How Mercenary pack card draw works
When a Mercenaries’ pack is opened, there are five slots. One of those is a card. The other four are randomized, but most likely they are going to be coins. The card slot is determined to have a certain rarity — an average of 1 in 20 will be a Legendary, an average of 1 in 5 will be an Epic, and otherwise it’ll be Rare. After rarity is determined, then a Mercenary at that rarity level is chosen. The game looks at the player’s collection, decides if that base Mercenary is already in the collection. If so, chooses another Mercenary. However, if all of the Mercenaries of that rarity are owned, then it’ll choose one of them and give you a portrait. There are three golden portraits per Mercenary, and an extra diamond portrait for Legendary Mercenaries.

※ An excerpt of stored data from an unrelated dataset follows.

lemma
  shows one_periodic_holder_family: "one_periodic (holder_family M i)"
    and holder_family_lipschitz:
      "\<bar>holder_family M i s - holder_family M i t\<bar> \<le> 2 * pi * (1 + real b) * \<bar>s - t\<bar>"
    and abs_holder_family_le: "\<bar>holder_family M i s\<bar> \<le> 2"
proof -
  have trig_lipschitz: "\<bar>f (2 * pi * s) - f (2 * pi * t)\<bar> \<le> 2 * pi * \<bar>s - t\<bar>"
    if "\<And>u v. \<bar>f u - f v\<bar> \<le> \<bar>u - v\<bar>" for f :: "real \<Rightarrow> real" and s t
    using that[of "2 * pi * s" "2 * pi * t"] by (simp add: abs_mult flip: right_diff_distrib)
  have cos_props: "one_periodic (\<lambda>z. cos (2 * pi * z))"
    "\<bar>cos (2 * pi * s) - cos (2 * pi * t)\<bar> \<le> 2 * pi * \<bar>s - t\<bar>" for s t
    using cos_periodic trig_lipschitz[OF abs_cos_diff_le]
    by (auto simp: one_periodic_def distrib_left)
  have sin_props: "one_periodic (\<lambda>z. sin (2 * pi * z))"
    "\<bar>sin (2 * pi * s) - sin (2 * pi * t)\<bar> \<le> 2 * pi * \<bar>s - t\<bar>" for s t
    using sin_periodic trig_lipschitz[OF abs_sin_diff_le]
    by (auto simp: one_periodic_def distrib_left)
  define \<eta> :: real where "\<eta> = 1 / (2 * real b ^ M)"
  have "1 \<le> real b ^ M"
    using b_ge_2 by (intro one_le_power) simp
  then have \<eta>: "0 \<le> \<eta>" "\<eta> \<le> 1"
    unfolding \<eta>_def by (simp_all add: divide_le_eq)
  have "2 * pi * 1 \<le> 2 * pi * (1 + real b)"
    by (intro mult_left_mono) auto
  then have "1 \<le> 2 * pi * (1 + real b)"
    using pi_gt3 by linarith
  then have sawtooth_lipschitz': "\<bar>sawtooth \<eta> c s - sawtooth \<eta> c t\<bar> \<le> 2 * pi * (1 + real b) * \<bar>s - t\<bar>" for c
    using sawtooth_lipschitz[OF \<eta>, of c s t] mult_right_mono[of 1 _ "\<bar>s - t\<bar>"] by fastforce
  show "one_periodic (holder_family M i)"
    unfolding holder_family_def
    using one_periodic_weierstrass_preimage cos_props sin_props one_periodic_sawtooth by simp
  show "\<bar>holder_family M i s - holder_family M i t\<bar> \<le> 2 * pi * (1 + real b) * \<bar>s - t\<bar>"
    unfolding holder_family_def \<eta>_def[symmetric]
    using weierstrass_preimage_lipschitz[of _ "2 * pi", OF cos_props(2)]
      weierstrass_preimage_lipschitz[of _ "2 * pi", OF sin_props(2)] sawtooth_lipschitz'
    by simp
  show "\<bar>holder_family M i s\<bar> \<le> 2"
    unfolding holder_family_def \<eta>_def[symmetric]
    using abs_weierstrass_preimage_le[of _ 1] order_trans[OF abs_sawtooth_le[OF \<eta>]] \<eta> by simp
qed

lemma circle_lipschitz_holder_family: "circle_lipschitz (holder_family M i)"
proof -
  have "(2 * pi * (1 + real b))-lipschitz_on UNIV (holder_family M i)"
    by (intro lipschitz_onI) (simp_all add: dist_real_def holder_family_lipschitz)
  then show ?thesis
    unfolding circle_lipschitz_def using one_periodic_holder_family by blast
qed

However, if the Mercenary chosen already has all three of their portraits unlocked, then a duplicate portrait is created and automatically converted into coins. That means you can open a pack and it’ll look like you don’t get a Mercenary or portrait. It also means you can receive a pack of just coins even when you haven’t received all of the portraits for a given rarity.

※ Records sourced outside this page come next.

lemma obtain_exchange_pair:
  assumes "finite T" "finite S" "card T = card S" "\<not> T \<subseteq> S"
  obtains i j where "i \<in> T" "i \<notin> S" "j \<in> S" "j \<notin> T"
    "card (insert j (T - {i})) = card S" "card (insert j (T - {i}) - S) < card (T - S)"
proof -
  obtain i where i: "i \<in> T" "i \<notin> S"
    using assms(4) by blast
  have "\<not> S \<subseteq> T"
    using assms card_subset_eq[OF assms(1) _ assms(3)[symmetric]] by blast
  then obtain j where j: "j \<in> S" "j \<notin> T"
    by blast
  have "card T \<noteq> 0"
    using assms(1) i by auto
  then have "card (insert j (T - {i})) = card S"
    using assms(1,3) i j by (simp add: card_insert_disjoint)
  moreover have "card (insert j (T - {i}) - S) < card (T - S)"
  proof -
    have "insert j (T - {i}) - S = (T - S) - {i}"
      using i j by auto
    then show ?thesis
      using assms(1) i by (simp only:) (intro card_Diff1_less finite_Diff, auto)
  qed
  ultimately show ?thesis
    using i j that by blast
qed

lemma incr_on_exchange_comp:
  assumes \<sigma>: "\<sigma> permutes A" and "i \<in> T" "j \<notin> T" "d i = 0"
  defines "T' \<equiv> insert j (T - {i})" and "g \<equiv> incr_on T d \<circ> \<sigma>"
  shows "incr_on T' d \<circ> \<sigma> = g(inv \<sigma> i := 0, inv \<sigma> j := Suc (d j))"
    and "incr_on T' d \<circ> (Transposition.transpose i j \<circ> \<sigma>) = g(inv \<sigma> i := Suc (d j), inv \<sigma> j := 0)"
proof -
  have "i \<noteq> j"
    using assms(2,3) by auto
  have \<sigma>_inv: "\<sigma> (inv \<sigma> y) = y" for y
    using permutes_inverses(1)[OF \<sigma>] .
  have \<sigma>_eq_iff: "\<sigma> k = y \<longleftrightarrow> k = inv \<sigma> y" for k y
    using permutes_inv_eq[OF \<sigma>] by metis
  have "inv \<sigma> i \<noteq> inv \<sigma> j"
    using \<open>i \<noteq> j\<close> \<sigma>_inv by metis
  show "incr_on T' d \<circ> \<sigma> = g(inv \<sigma> i := 0, inv \<sigma> j := Suc (d j))"
  proof
    fix k
    consider "k = inv \<sigma> i" | "k = inv \<sigma> j" | "\<sigma> k \<noteq> i" "\<sigma> k \<noteq> j"
      using \<sigma>_eq_iff by blast
    then show "(incr_on T' d \<circ> \<sigma>) k = (g(inv \<sigma> i := 0, inv \<sigma> j := Suc (d j))) k"
      by cases (use \<open>i \<noteq> j\<close> \<open>inv \<sigma> i \<noteq> inv \<sigma> j\<close> \<sigma>_inv assms(3,4) in
          \<open>auto simp: g_def incr_on_def T'_def\<close>)
  qed
  show "incr_on T' d \<circ> (Transposition.transpose i j \<circ> \<sigma>) = g(inv \<sigma> i := Suc (d j), inv \<sigma> j := 0)"
  proof
    fix k
    consider "k = inv \<sigma> i" | "k = inv \<sigma> j" | "\<sigma> k \<noteq> i" "\<sigma> k \<noteq> j"
      using \<sigma>_eq_iff by blast
    then show "(incr_on T' d \<circ> (Transposition.transpose i j \<circ> \<sigma>)) k
        = (g(inv \<sigma> i := Suc (d j), inv \<sigma> j := 0)) k"
      by cases (use \<open>i \<noteq> j\<close> \<open>inv \<sigma> i \<noteq> inv \<sigma> j\<close> \<sigma>_inv assms(2,3,4) in
          \<open>auto simp: g_def incr_on_def T'_def\<close>)
  qed
qed

context idempotent_semiring
begin

lemma monom_le_orbit_sum: "\<sigma> permutes {..<n} \<Longrightarrow> monom n (d \<circ> \<sigma>) (x::nat \<Rightarrow> 'a) \<preceq> orbit_sum n d x"
  unfolding orbit_sum_def by (rule sr_le_sum[OF finite_permutes_lessThan]) simp

lemma orbit_sum_zero:
  assumes "\<And>j. j < n \<Longrightarrow> d j = 0"
  shows "orbit_sum n d (x::nat \<Rightarrow> 'a) = 1"
proof -
  have "monom n (d \<circ> \<sigma>) x = 1" if "\<sigma> permutes {..<n}" for \<sigma>
    unfolding monom_def using assms permutes_in_image[OF that] by simp
  then have "orbit_sum n d x = (\<Sum>\<sigma> | \<sigma> permutes {..<n}. 1)"
    unfolding orbit_sum_def by simp
  also have "\<dots> = 1"
    by (rule sum_const_idem[OF finite_permutes_lessThan]) (use permutes_id in blast)
  finally show ?thesis .
qed

lemma orbit_sum_incr_on_le_esym_mult:
  assumes S: "S \<subseteq> {..<n}"
  shows "orbit_sum n (incr_on S d) x \<preceq> esym n (card S) x * orbit_sum n d (x::nat \<Rightarrow> 'a)"
  unfolding esym_mult_orbit_sum_expand orbit_sum_def[of n "incr_on S d"]
proof (rule sr_sum_le, clarify)
  fix \<sigma> assume \<sigma>: "\<sigma> permutes {..<n}"
  define T where "T = inv \<sigma> ` S"
  have "\<sigma> ` T = S"
    unfolding T_def image_comp using permutes_inverses(1)[OF \<sigma>] by (simp add: comp_def)
  have "T \<subseteq> {..<n}" "card T = card S"
    unfolding T_def using permutes_image[OF permutes_inv[OF \<sigma>]] S
      inj_on_subset[OF permutes_inj[OF permutes_inv[OF \<sigma>]]] by (auto simp: card_image)
  have fin: "finite {T. T \<subseteq> {..<n} \<and> card T = card S}"
    by (rule finite_subset[of _ "Pow {..<n}"]) auto
  have "monom n (incr_on S d \<circ> \<sigma>) x
      \<preceq> (\<Sum>\<tau> | \<tau> permutes {..<n}. monom n (incr_on (\<tau> ` T) d \<circ> \<tau>) x)"
    using sr_le_sum[OF finite_permutes_lessThan,
        where a = \<sigma> and f = "\<lambda>\<tau>. monom n (incr_on (\<tau> ` T) d \<circ> \<tau>) x"] \<sigma> \<open>\<sigma> ` T = S\<close>
    by simp
  also have "\<dots> \<preceq> (\<Sum>T | T \<subseteq> {..<n} \<and> card T = card S. \<Sum>\<tau> | \<tau> permutes {..<n}.
      monom n (incr_on (\<tau> ` T) d \<circ> \<tau>) x)"
    using sr_le_sum[OF fin, of T] \<open>T \<subseteq> {..<n}\<close> \<open>card T = card S\<close> by simp
  finally show "monom n (incr_on S d \<circ> \<sigma>) x \<preceq> \<dots>" .
qed

lemma peval_sym_pexpr:
  assumes "sym_pexpr n p"
  shows "peval p (x::nat \<Rightarrow> 'a) = (\<Sum>(a, d)\<leftarrow>p. a * orbit_sum n (\<lambda>j. d ! j) x)"
proof -
  have len: "length d = n" if "(a, d) \<in> set p" for a d
    using assms that unfolding sym_pexpr_def is_pexpr_def by auto
  have "peval p x = (\<Sum>(a, d)\<leftarrow>p. a * monom n (\<lambda>j. d ! j) x)"
    unfolding peval_def monom_def by (intro arg_cong[where f = sum_list] map_cong refl) (auto dest: len)
  also have "\<dots> = (\<Sum>(a, d)\<leftarrow>p. a * orbit_sum n (\<lambda>j. d ! j) x)"
  proof (rule sr_le_antisym)
    show "(\<Sum>(a, d)\<leftarrow>p. a * monom n (\<lambda>j. d ! j) x) \<preceq> (\<Sum>(a, d)\<leftarrow>p. a * orbit_sum n (\<lambda>j. d ! j) x)"
      using monom_le_orbit_sum[OF permutes_id] by (auto intro!: sr_sum_list_mono sr_mult_left_mono)
    show "(\<Sum>(a, d)\<leftarrow>p. a * orbit_sum n (\<lambda>j. d ! j) x) \<preceq> (\<Sum>(a, d)\<leftarrow>p. a * monom n (\<lambda>j. d ! j) x)"
    proof (rule sr_sum_list_le, clarify)
      fix a d assume ad: "(a, d) \<in> set p"
      have "a * orbit_sum n (\<lambda>j. d ! j) x = (\<Sum>\<sigma> | \<sigma> permutes {..<n}. a * monom n ((\<lambda>j. d ! j) \<circ> \<sigma>) x)"
        unfolding orbit_sum_def by (simp add: sum_distrib_left)
      also have "\<dots> \<preceq> (\<Sum>(a, d)\<leftarrow>p. a * monom n (\<lambda>j. d ! j) x)"
      proof (rule sr_sum_le, clarify)
        fix \<sigma> assume "\<sigma> permutes {..<n}"
        then have "(a, map (\<lambda>j. d ! \<sigma> j) [0..<n]) \<in> set p"
          using assms ad unfolding sym_pexpr_def by fast
        moreover have "monom n ((\<lambda>j. d ! j) \<circ> \<sigma>) x = monom n (\<lambda>j. map (\<lambda>j. d ! \<sigma> j) [0..<n] ! j) x"
          by (rule monom_cong) simp
        ultimately show "a * monom n ((\<lambda>j. d ! j) \<circ> \<sigma>) x \<preceq> (\<Sum>(a, d)\<leftarrow>p. a * monom n (\<lambda>j. d ! j) x)"
          using sr_le_sum_list[of _ p "\<lambda>(a, d). a * monom n (\<lambda>j. d ! j) x"] by fastforce
      qed
      finally show "a * orbit_sum n (\<lambda>j. d ! j) x \<preceq> (\<Sum>(a, d)\<leftarrow>p. a * monom n (\<lambda>j. d ! j) x)" .
    qed
  qed
  finally show ?thesis .
qed

end

locale frobenius_semiring = idempotent_semiring ty for ty :: "'a::unital_comm_semiring itself" +
  assumes power_add_frobenius: "m \<ge> 1 \<Longrightarrow> ((u::'a) + v) ^ m = u ^ m + v ^ m"
begin

lemma power_mult_le: "(u::'a) ^ a * v \<preceq> u ^ Suc a + v ^ Suc a"
proof -
  have "u ^ a * v \<preceq> (u + v) ^ a * (u + v)"
    by (intro sr_mult_mono sr_power_mono sr_le_add1 sr_le_add2)
  also have "\<dots> = u ^ Suc a + v ^ Suc a"
    using power_add_frobenius[of "Suc a" u v] by (simp add: mult.commute)
  finally show ?thesis .
qed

For example, let’s say you have all of the Rare Mercenaries unlocked, but not all of the Epic Mercenaries, and barely any of the Legendaries. You open a pack, the card rarity is determined to be Rare, and the roulette lands on Scabbs Cutterbutter. You have all three portraits for Scabs, but not for other Rares, like Xyrella. You get five sets of coins. Money well spent?
The coin problem gets worse as you max out your Mercs
The problem with this is, no matter how many Mercenaries you have, no matter how many golden portraits you’ve unlocked, the probability of what’s contained in your packs never changes. You could unlock every single Rare and Epic Mercenary, and even have every one of their portraits, and this will in no way change the probability of how often you’ll receive a Legendary from a pack. At that point you’d only average a new card or new portrait once every twenty packs, and packs aren’t all that cheap.
There’s another issue with continuing to buy packs as well. When they don’t provide a card — and the more you buy the fewer they give — they at least providing coins. Coins upgrade abilities and equipment. It is possible to max out a Mercenary when all three of their abilities reach Rank 5, and all three of their equipment reach Level 4. That costs a total of 2,700 coins. However, after that point, nothing stops additional coins for that Mercenary from being collected, but they have absolutely no further use. They can’t be converted into coins for another Mercenary. They take up slots in a pack that could have been coins for a Mercenary you wanted to upgrade — or worse, coins for a Legendary you could eventually craft.
The bottom line is, the more packs you buy, the less value they have. Early on, you’ll always get a shiny new Mercenary, sometimes two. A bit after that, you’ll pretty much always earn a portrait if not a new Mercenary. More and more often you’ll start to see packs that are coins only, and they become more of a gamble — hoping for a jackpot of a Legendary card, but most likely just more crummy coins. And the more you try for the jackpot, the more you could wind up with spending money — or gold — on coins that become less useful the more you spend.